··· Records for the exercise
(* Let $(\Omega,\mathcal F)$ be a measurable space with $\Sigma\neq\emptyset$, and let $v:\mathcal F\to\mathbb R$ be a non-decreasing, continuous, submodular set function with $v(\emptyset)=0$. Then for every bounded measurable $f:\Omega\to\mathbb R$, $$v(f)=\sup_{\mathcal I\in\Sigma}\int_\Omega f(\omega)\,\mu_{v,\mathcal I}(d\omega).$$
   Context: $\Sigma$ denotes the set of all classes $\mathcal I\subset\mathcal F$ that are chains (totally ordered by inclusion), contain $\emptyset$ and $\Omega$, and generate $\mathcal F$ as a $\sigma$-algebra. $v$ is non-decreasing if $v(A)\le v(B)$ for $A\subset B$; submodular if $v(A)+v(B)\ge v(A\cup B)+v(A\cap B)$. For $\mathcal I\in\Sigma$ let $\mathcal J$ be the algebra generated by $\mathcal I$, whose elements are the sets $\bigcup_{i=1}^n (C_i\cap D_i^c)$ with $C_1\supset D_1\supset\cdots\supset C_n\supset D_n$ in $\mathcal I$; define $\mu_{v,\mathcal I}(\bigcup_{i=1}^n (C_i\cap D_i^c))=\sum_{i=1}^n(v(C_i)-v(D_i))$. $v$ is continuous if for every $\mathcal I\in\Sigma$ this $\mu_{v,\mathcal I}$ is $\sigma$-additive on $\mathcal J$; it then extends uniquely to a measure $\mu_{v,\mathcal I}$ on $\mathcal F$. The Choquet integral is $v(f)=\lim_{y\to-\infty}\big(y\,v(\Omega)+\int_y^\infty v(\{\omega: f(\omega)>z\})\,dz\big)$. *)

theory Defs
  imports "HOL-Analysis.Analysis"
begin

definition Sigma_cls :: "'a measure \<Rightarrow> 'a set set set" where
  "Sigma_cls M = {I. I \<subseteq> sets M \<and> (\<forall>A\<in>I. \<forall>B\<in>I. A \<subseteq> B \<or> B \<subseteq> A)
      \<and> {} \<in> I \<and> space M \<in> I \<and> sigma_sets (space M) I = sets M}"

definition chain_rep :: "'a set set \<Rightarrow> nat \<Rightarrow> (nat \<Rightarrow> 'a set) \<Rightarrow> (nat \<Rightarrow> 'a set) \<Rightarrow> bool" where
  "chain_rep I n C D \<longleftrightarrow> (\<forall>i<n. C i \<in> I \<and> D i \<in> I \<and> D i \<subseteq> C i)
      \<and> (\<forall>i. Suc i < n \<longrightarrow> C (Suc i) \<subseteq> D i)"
······
··· Records for the exercise
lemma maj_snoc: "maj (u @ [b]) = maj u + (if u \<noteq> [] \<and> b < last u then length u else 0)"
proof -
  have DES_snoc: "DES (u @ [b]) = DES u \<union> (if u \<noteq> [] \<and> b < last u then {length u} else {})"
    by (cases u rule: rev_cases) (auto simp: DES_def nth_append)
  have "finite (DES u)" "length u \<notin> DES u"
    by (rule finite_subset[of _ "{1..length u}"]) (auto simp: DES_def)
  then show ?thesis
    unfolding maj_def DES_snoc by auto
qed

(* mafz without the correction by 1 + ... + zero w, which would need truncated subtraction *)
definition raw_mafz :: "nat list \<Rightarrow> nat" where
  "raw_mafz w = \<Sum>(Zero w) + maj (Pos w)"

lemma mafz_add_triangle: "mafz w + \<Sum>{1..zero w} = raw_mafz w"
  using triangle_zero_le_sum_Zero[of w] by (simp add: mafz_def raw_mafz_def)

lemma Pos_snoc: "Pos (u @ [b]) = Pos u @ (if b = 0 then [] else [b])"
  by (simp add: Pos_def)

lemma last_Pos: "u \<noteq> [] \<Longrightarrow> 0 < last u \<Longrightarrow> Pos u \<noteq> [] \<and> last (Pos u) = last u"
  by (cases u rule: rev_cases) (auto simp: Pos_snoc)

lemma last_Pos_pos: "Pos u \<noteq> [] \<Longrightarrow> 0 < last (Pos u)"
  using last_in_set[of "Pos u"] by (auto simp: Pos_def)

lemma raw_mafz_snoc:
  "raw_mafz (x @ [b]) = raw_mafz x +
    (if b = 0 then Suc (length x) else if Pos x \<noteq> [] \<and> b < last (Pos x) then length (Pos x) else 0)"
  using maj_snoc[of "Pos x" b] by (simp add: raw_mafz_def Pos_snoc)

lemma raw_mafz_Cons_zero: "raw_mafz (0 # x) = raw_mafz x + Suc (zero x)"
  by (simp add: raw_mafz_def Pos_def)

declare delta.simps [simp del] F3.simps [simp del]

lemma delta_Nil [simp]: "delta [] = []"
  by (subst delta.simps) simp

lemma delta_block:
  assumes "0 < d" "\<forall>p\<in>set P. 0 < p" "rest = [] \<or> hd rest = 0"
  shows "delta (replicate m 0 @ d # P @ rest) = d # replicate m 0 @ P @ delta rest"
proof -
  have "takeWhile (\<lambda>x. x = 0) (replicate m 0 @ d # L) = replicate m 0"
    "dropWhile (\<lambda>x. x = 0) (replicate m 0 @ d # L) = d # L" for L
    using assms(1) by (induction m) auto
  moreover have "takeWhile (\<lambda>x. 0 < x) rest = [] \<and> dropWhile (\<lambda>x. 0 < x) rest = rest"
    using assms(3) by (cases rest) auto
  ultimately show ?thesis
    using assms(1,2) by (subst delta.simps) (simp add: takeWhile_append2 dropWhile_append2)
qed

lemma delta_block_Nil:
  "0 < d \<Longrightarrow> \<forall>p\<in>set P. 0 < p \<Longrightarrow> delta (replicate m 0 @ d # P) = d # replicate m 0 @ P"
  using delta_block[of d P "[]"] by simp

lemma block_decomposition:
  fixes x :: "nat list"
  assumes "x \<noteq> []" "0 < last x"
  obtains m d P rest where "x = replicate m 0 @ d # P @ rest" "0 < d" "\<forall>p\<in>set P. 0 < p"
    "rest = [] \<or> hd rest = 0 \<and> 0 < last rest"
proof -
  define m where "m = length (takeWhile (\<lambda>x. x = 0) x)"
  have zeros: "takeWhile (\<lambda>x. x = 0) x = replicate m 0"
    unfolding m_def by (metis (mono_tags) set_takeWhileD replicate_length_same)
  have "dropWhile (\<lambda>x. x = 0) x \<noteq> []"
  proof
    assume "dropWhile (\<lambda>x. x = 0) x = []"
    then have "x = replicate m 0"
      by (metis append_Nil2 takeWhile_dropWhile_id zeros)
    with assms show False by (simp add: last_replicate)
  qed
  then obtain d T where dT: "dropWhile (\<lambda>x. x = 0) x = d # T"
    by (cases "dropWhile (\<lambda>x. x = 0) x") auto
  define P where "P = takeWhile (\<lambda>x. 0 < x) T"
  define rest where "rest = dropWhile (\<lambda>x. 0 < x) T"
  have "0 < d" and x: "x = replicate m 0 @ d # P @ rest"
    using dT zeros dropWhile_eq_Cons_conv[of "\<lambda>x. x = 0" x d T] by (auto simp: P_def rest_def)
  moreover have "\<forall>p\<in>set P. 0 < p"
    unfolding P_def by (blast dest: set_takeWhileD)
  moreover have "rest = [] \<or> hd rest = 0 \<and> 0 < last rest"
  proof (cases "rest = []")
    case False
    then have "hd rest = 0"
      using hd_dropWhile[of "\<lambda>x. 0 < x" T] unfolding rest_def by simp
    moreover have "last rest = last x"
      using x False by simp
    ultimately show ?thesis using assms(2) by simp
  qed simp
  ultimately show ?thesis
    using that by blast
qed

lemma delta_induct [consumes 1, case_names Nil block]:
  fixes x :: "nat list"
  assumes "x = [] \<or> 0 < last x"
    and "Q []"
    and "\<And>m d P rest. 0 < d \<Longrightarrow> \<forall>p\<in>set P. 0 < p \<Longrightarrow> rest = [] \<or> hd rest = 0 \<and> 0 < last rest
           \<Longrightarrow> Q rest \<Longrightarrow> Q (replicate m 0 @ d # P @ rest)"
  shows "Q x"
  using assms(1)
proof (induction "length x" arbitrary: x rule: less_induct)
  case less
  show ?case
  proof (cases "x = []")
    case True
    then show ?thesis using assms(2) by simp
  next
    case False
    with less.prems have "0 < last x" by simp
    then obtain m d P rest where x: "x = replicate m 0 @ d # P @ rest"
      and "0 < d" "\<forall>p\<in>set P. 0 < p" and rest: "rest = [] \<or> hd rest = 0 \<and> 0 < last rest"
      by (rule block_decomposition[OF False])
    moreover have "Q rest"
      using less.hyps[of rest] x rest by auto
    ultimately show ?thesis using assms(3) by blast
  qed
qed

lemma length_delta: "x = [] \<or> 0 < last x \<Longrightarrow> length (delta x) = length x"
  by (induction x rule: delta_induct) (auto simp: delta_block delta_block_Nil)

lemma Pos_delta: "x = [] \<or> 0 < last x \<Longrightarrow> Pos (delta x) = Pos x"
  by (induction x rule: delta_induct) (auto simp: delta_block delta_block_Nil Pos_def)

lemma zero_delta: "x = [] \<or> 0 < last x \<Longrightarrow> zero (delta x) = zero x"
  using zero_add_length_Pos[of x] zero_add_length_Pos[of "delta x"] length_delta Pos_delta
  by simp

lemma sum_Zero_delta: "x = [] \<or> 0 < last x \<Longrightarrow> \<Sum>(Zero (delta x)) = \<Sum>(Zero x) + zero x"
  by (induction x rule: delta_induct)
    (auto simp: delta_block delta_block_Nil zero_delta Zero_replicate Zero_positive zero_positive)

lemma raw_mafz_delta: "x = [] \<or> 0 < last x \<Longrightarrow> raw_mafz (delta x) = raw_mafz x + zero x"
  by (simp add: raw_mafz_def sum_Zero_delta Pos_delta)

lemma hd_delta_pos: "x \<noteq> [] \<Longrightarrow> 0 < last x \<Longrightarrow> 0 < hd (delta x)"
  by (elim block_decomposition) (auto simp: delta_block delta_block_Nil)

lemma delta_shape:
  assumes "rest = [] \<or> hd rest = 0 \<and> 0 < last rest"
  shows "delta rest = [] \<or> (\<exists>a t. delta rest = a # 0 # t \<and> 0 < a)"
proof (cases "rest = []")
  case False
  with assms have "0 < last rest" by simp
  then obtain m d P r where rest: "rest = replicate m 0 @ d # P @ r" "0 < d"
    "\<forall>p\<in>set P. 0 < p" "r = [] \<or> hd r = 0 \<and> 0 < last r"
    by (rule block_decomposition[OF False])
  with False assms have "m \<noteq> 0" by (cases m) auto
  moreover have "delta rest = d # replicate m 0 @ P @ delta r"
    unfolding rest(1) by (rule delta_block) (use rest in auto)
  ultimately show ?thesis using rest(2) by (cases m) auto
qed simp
······
··· Records for the exercise
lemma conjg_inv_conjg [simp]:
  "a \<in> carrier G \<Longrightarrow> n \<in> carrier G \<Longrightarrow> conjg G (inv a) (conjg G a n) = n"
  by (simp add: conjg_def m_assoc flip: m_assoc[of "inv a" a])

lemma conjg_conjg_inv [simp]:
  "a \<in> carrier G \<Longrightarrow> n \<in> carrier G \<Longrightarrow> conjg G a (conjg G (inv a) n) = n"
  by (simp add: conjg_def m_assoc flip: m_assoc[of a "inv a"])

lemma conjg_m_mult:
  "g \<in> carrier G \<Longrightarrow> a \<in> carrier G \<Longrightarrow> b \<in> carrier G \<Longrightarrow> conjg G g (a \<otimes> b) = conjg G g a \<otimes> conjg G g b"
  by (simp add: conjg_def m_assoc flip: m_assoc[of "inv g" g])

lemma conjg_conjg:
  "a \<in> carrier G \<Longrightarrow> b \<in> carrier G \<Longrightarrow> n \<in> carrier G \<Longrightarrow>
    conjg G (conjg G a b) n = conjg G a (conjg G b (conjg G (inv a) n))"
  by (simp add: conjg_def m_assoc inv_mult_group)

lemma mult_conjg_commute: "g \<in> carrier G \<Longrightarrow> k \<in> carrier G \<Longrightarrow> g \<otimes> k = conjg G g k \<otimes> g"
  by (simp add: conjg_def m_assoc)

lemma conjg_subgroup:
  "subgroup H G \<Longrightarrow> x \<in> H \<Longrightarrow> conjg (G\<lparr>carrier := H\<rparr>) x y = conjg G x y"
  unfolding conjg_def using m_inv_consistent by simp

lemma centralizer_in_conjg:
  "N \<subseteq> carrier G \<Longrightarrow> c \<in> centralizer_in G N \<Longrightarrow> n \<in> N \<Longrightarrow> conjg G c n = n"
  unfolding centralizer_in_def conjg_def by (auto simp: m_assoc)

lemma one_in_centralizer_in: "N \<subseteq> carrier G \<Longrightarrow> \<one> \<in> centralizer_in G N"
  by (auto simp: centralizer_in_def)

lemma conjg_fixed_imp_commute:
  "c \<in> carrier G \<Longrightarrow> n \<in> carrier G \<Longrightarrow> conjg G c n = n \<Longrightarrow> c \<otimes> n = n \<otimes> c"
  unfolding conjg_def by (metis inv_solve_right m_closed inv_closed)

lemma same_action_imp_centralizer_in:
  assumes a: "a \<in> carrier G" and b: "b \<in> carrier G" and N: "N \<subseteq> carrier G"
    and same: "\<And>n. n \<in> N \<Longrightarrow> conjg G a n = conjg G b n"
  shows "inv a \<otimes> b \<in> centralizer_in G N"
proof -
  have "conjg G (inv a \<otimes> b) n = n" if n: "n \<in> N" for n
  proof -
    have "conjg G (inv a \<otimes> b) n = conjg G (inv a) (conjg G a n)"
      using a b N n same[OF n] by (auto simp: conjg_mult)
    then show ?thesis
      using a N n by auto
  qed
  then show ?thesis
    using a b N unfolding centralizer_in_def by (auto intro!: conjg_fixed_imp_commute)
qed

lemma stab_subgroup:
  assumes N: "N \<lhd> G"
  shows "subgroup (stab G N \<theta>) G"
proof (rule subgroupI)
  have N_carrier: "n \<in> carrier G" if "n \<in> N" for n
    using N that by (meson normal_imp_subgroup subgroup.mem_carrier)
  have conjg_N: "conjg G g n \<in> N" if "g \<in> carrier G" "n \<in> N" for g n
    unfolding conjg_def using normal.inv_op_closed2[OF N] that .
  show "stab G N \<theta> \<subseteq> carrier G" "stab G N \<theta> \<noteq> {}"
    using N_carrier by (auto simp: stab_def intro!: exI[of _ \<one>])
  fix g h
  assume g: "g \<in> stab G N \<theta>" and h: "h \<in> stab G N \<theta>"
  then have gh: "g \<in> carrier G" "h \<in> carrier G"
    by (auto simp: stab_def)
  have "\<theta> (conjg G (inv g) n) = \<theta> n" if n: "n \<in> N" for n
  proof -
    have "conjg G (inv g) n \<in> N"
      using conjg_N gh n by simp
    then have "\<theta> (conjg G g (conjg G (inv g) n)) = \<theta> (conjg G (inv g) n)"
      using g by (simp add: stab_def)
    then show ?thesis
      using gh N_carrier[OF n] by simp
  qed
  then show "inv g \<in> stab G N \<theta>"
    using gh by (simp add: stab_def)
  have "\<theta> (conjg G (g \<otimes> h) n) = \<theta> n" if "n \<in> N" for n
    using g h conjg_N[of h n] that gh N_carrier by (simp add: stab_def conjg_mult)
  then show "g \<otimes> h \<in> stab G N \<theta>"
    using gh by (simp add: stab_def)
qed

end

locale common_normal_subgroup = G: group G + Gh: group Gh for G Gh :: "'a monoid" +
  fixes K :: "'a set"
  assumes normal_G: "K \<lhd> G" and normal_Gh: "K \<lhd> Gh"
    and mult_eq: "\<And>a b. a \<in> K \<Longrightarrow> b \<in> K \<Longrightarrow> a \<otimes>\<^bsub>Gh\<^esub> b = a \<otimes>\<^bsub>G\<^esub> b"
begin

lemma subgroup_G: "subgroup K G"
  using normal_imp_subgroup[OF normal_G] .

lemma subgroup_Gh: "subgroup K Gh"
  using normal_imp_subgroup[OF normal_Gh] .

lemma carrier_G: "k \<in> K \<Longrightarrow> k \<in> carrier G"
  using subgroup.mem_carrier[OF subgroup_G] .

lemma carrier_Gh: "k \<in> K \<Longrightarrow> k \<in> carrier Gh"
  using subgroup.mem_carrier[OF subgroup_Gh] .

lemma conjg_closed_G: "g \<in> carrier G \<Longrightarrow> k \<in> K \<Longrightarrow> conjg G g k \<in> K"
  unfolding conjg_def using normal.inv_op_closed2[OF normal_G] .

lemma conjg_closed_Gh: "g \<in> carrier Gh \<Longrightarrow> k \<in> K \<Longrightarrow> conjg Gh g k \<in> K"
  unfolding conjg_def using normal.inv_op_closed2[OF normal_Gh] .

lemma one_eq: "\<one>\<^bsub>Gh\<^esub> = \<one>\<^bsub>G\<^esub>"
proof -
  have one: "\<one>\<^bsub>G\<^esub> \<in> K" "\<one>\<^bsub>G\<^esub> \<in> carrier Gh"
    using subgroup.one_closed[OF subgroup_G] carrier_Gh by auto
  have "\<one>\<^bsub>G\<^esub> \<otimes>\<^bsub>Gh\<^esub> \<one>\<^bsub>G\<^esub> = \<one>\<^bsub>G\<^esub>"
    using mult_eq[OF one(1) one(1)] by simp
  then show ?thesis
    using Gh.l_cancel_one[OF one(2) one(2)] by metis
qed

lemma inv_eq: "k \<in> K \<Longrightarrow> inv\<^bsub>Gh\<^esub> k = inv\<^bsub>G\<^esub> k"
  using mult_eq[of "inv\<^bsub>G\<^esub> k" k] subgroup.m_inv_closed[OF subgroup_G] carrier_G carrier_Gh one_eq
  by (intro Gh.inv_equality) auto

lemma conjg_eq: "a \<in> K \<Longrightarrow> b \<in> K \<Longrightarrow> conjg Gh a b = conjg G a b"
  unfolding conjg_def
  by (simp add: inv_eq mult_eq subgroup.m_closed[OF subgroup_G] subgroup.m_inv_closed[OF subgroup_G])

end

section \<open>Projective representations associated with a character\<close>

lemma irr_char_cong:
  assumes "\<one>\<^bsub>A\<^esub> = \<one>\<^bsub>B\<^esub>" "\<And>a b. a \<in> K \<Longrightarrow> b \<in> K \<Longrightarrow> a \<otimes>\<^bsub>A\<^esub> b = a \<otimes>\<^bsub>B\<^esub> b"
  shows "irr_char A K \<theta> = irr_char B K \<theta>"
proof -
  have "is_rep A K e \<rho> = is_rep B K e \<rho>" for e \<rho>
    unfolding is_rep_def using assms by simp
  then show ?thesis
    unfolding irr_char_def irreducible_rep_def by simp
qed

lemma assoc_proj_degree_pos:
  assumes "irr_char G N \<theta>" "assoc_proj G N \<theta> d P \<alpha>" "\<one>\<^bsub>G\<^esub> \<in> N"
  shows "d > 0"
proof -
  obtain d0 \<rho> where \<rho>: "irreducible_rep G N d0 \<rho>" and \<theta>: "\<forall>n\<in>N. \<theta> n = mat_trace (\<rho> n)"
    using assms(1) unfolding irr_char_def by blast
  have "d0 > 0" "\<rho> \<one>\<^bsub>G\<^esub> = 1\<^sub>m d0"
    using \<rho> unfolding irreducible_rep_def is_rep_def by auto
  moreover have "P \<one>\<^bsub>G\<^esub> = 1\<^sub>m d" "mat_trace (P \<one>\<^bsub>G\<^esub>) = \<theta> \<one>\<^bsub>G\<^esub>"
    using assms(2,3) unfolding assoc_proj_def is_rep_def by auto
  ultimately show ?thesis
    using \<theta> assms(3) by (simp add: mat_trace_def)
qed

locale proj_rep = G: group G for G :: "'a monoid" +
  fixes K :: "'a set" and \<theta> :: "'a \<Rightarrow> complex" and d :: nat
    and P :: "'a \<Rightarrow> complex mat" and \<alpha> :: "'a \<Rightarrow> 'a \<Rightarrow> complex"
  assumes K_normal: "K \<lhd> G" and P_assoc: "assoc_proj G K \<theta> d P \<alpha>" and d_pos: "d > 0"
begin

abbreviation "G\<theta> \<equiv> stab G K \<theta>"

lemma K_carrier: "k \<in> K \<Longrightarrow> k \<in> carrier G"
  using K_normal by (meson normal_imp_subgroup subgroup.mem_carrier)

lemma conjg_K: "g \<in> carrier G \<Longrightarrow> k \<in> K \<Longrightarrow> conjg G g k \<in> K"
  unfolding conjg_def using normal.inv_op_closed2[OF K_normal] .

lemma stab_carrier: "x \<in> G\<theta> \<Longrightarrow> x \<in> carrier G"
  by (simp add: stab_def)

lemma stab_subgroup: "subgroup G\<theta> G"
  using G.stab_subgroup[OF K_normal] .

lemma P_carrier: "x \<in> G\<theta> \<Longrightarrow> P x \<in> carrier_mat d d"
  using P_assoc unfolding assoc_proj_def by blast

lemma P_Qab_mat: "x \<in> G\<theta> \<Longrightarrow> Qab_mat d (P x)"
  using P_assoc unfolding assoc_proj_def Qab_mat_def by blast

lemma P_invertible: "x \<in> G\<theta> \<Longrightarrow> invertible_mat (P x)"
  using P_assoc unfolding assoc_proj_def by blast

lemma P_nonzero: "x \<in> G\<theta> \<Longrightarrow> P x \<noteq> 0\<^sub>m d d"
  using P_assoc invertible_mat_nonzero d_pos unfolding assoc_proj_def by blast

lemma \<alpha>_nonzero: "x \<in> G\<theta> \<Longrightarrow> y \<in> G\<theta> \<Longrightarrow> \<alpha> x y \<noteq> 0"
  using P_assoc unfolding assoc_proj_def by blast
······
When a line in the data contains the string "simps", copy that line.

## [Solution]
declare delta.simps [simp del] F3.simps [simp del]
  by (subst delta.simps) simp
    using assms(1,2) by (subst delta.simps) (simp add: takeWhile_append2 dropWhile_append2)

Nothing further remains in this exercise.